Став известным режиссером, Юлий Райзман шил себе костюмы сам. Это мне рассказывали Высоцкий и Володарский.
Когда «Лена», обустраиваясь на новом месте, сразу же стала давать золото, причем много, благодарный Зафесов нередко бывал у нас в артели, знал многих старателей в лицо. Мне нравилась его энергичность и напористость.
Единственное, в чем можно было упрекнуть Зафесова, – это его слабость к земляку-адыгейцу Ашхамафу, сыну человека, известного в своей автономной области. Я с почтением отношусь к этой кавказской народности (как ко всем другим), уважаю ее обычаи, и том числе традицию поддержки земляков. Но полагаться в серьезных делах, особенно связанных с деньгами, на принятого по просьбе Зафесова к нам в артель, в отдел снабжения Виталия Ашхамафа, как я убедился, было нельзя. И своего недоверия я не скрывал от Мурата Ереджибовича.
Наши отношения с Зафесовым стали осложняться.
Он очень переживал за своего земляка, ни в чем не мог ему отказать. Чем тот и пользовался.
Человек болезненно завистливый и озлобленный, Ашхамаф был одержим мыслью, что, дали бы ему возможность – он бы сам создал артель, которая обойдет другие. Я предложил Зафесову, раз уж и ему так этого хотелось, поставить Ашхамафа во главе самостоятельной новой артели, которой я готов передать ряд участков и часть людей. Так появилась артель «Тайга», которую Зафесов с энтузиазмом опекал.
Мои отношения с директором комбината обострились настолько, что в начале 80-х годов артели придется принять решение перебазироваться куда-нибудь в другой регион. Примерно через год, уже работая на Приполярном Урале, мы услышали, что начато следствие по делу о крупных хищениях в артели «Тайга».

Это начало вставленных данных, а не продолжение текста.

lemma J3_three_fifths: "J3 0 (1/5) 0 (3/5) (2/5) = 125/2 * (2 * K4 - 5/12)"
proof -
  define \<Phi> where "\<Phi> s = 125/2 * (golden_log s + (s\<^sup>2/2 - s ^ 4/4 - s + s ^ 3/3))" for s
  define \<phi> where "\<phi> s = 125/2 * s ^ 5 * (1 - s\<^sup>2) / (1 + s + s\<^sup>2 + s ^ 3 + s ^ 4)" for s :: real
  have "J3 0 (1/5) 0 (3/5) (2/5) = \<Phi> 1 - \<Phi> 0"
  proof (rule J3_fifth_eq_antiderivative)
    show "continuous_on {0..1} \<Phi>"
      unfolding \<Phi>_def
      by (intro continuous_intros continuous_on_subset[OF continuous_on_golden_log]) auto
    fix s :: real assume s: "0 < s" "s < 1"
    define P where "P = 1 + s + s\<^sup>2 + s ^ 3 + s ^ 4"
    have P: "0 < P" using s by (simp add: P_def fifth_cyclotomic_pos)
    have \<phi>_eq: "\<phi> s = 125/2 * s ^ 5 * (1 - s\<^sup>2) / P"
      by (simp add: \<phi>_def P_def)
    have "((\<lambda>s. s\<^sup>2/2 - s ^ 4/4 - s + s ^ 3/3) has_real_derivative - (1 - s) * (1 - s\<^sup>2)) (at s)"
      by (auto intro!: derivative_eq_intros simp: power2_eq_square power3_eq_cube algebra_simps)
    then have "(\<Phi> has_real_derivative 125/2 * ((1 - s\<^sup>2) / P + - (1 - s) * (1 - s\<^sup>2))) (at s)"
      unfolding \<Phi>_def P_def using s by (intro DERIV_cmult DERIV_add golden_log_deriv) auto
    moreover have s5: "s ^ 5 = 1 - (1 - s) * P"
      by (simp add: P_def one_minus_fifth_power[symmetric])
    have "125/2 * ((1 - s\<^sup>2) / P + - (1 - s) * (1 - s\<^sup>2)) = \<phi> s"
      unfolding \<phi>_eq s5 using P by (simp add: field_simps)
    ultimately show "(\<Phi> has_real_derivative \<phi> s) (at s)" by simp
    have tail: "powr_tail (1 - 3/5) (s ^ 5) = 5/2 * (1 - s\<^sup>2)"
      using fifth_power_powr[OF s(1), of 2] s by (simp add: powr_tail_def)
    have "1 - s \<noteq> 0" using s by simp
    then show "\<phi> s = 5 * s ^ 4 * (5 * s * (1 - s) * powr_tail (1 - 3/5) (s ^ 5) / (1 - s ^ 5))"
      unfolding tail one_minus_fifth_power P_def[symmetric] \<phi>_eq
      using P by (simp add: field_simps eval_nat_numeral)
  qed simp
  then show ?thesis
    by (simp add: \<Phi>_def golden_log_0 golden_log_1)
qed

lemma J3_eight_fifths: "J3 0 (1/5) 0 (8/5) (2/5) = 125/3 * (1/2 - 2 * K4)"
proof -
  define \<Phi> where "\<Phi> s = 125/3 * ((s - s\<^sup>2/2) - golden_log s)" for s
  define \<phi> where "\<phi> s = 125/3 * (s\<^sup>2 - s ^ 5) / (1 + s + s\<^sup>2 + s ^ 3 + s ^ 4)" for s :: real
  have "J3 0 (1/5) 0 (8/5) (2/5) = \<Phi> 1 - \<Phi> 0"
  proof (rule J3_fifth_eq_antiderivative)
    show "continuous_on {0..1} \<Phi>"
      unfolding \<Phi>_def
      by (intro continuous_intros continuous_on_subset[OF continuous_on_golden_log]) auto
    fix s :: real assume s: "0 < s" "s < 1"
    define P where "P = 1 + s + s\<^sup>2 + s ^ 3 + s ^ 4"
    have P: "0 < P" using s by (simp add: P_def fifth_cyclotomic_pos)
    have \<phi>_eq: "\<phi> s = 125/3 * (s\<^sup>2 - s ^ 5) / P"
      by (simp add: \<phi>_def P_def)
    have dQ: "((\<lambda>s. s - s\<^sup>2/2) has_real_derivative 1 - s) (at s)"
      by (auto intro!: derivative_eq_intros)
    have "(\<Phi> has_real_derivative 125/3 * ((1 - s) - (1 - s\<^sup>2) / P)) (at s)"
      unfolding \<Phi>_def P_def using s by (intro DERIV_cmult DERIV_diff[OF dQ] golden_log_deriv) auto
    moreover have s5: "s ^ 5 = 1 - (1 - s) * P"
      by (simp add: P_def one_minus_fifth_power[symmetric])
    have "125/3 * ((1 - s) - (1 - s\<^sup>2) / P) = \<phi> s"
      unfolding \<phi>_eq s5 using P by (simp add: field_simps)
    ultimately show "(\<Phi> has_real_derivative \<phi> s) (at s)" by simp
    have tail: "powr_tail (1 - 8/5) (s ^ 5) = 5/3 * (1 / s ^ 3 - 1)"
      using fifth_power_powr[OF s(1), of "-3"] s by (simp add: powr_tail_def powr_minus_divide field_simps)
    have "1 - s \<noteq> 0" using s by simp
    then show "\<phi> s = 5 * s ^ 4 * (5 * s * (1 - s) * powr_tail (1 - 8/5) (s ^ 5) / (1 - s ^ 5))"
      unfolding tail one_minus_fifth_power P_def[symmetric] \<phi>_eq
      using P s by (simp add: field_simps eval_nat_numeral)
  qed simp
  then show ?thesis
    by (simp add: \<Phi>_def golden_log_0 golden_log_1)
qed

theorem mainTheorem5:
  shows "K 0 (1/5) 0 (3/5) (2/5) = - (4 * (1 - 4 * K4)) / (5 - 24 * K4)"
proof -
  have "K 0 (1/5) 0 (3/5) (2/5) = (125/3 * (1/2 - 2 * K4)) / (125/2 * (2 * K4 - 5/12))"
    by (simp add: K_def J3_three_fifths J3_eight_fifths)
  also have "\<dots> = - (4 * (1 - 4 * K4)) / (5 - 24 * K4)"
    by (cases "5 - 24 * K4 = 0") (auto simp: field_simps)
  finally show ?thesis .
qed

end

Зафесов застрелился в своем рабочем кабинете.
Вскоре Ашхамафа судили, приговорили к десяти годам лишения свободы.
Освободился Ашхамаф через три года. Столь резким сокращением срока наказания он обязан активному сотрудничеству с органами. Это мы узнали много лет спустя от следователей Генеральной прокуратуры СССР, которые вели дело артели «Печора». В камере Ашхамаф написал обширную, в сотни страниц, записку о том, как можно обогащаться в артелях. Что про этого человека можно сказать? Негодяй.
Летом 1976 года в артель «Лена» прилетел Владимир Высоцкий. Но прежде, чем рассказать, как поэт попал к старателям, я должен вернуться на три года назад, в апрельскую Москву. Кинорежиссер Борис Урецкий пригласил меня пообедать в ресторане Дома кино. В вестибюле мы увидели Владимира Высоцкого. Он и мой спутник были в приятельских отношениях, и поэтому мы оказались за одним столиком.
Высоцкий смеялся, когда я сказал, что, слыша его песни, поражаясь их интонациям, мне хорошо знакомым, был уверен, что этот парень обязательно отсидел срок.
За внешней невозмутимостью Высоцкого постоянно чувствовалась внутренняя сосредоточенность и напряженность. Многое, о чем мы с друзьями говорили, до хрипоты спорили, он своим таким же хрипловатым голосом, с гитарой в руках, прокричал на всю Россию. Наше внутреннее несогласие с режимом, нам казалось, не поддается озвучанию, мы не знали нормативной лексики, способной передать каждодневное недоумение, горечь, протест. А он черпал и черпал такие выверенные слова, будто доставал их из глубокого колодца вековой народной памяти.
В ту первую встречу он расспрашивал о Севере, о Колыме, о лагерях. При прощании мы обменялись телефонами. Дня через три я позвонил ему.
Он обрадовался, предложил пообедать в «Национале». Там у Володи, кстати и у меня, был знакомый метрдотель Алексей Дмитриевич. Ни в прошлый раз, ни в этот мы не заказывали ничего спиртного.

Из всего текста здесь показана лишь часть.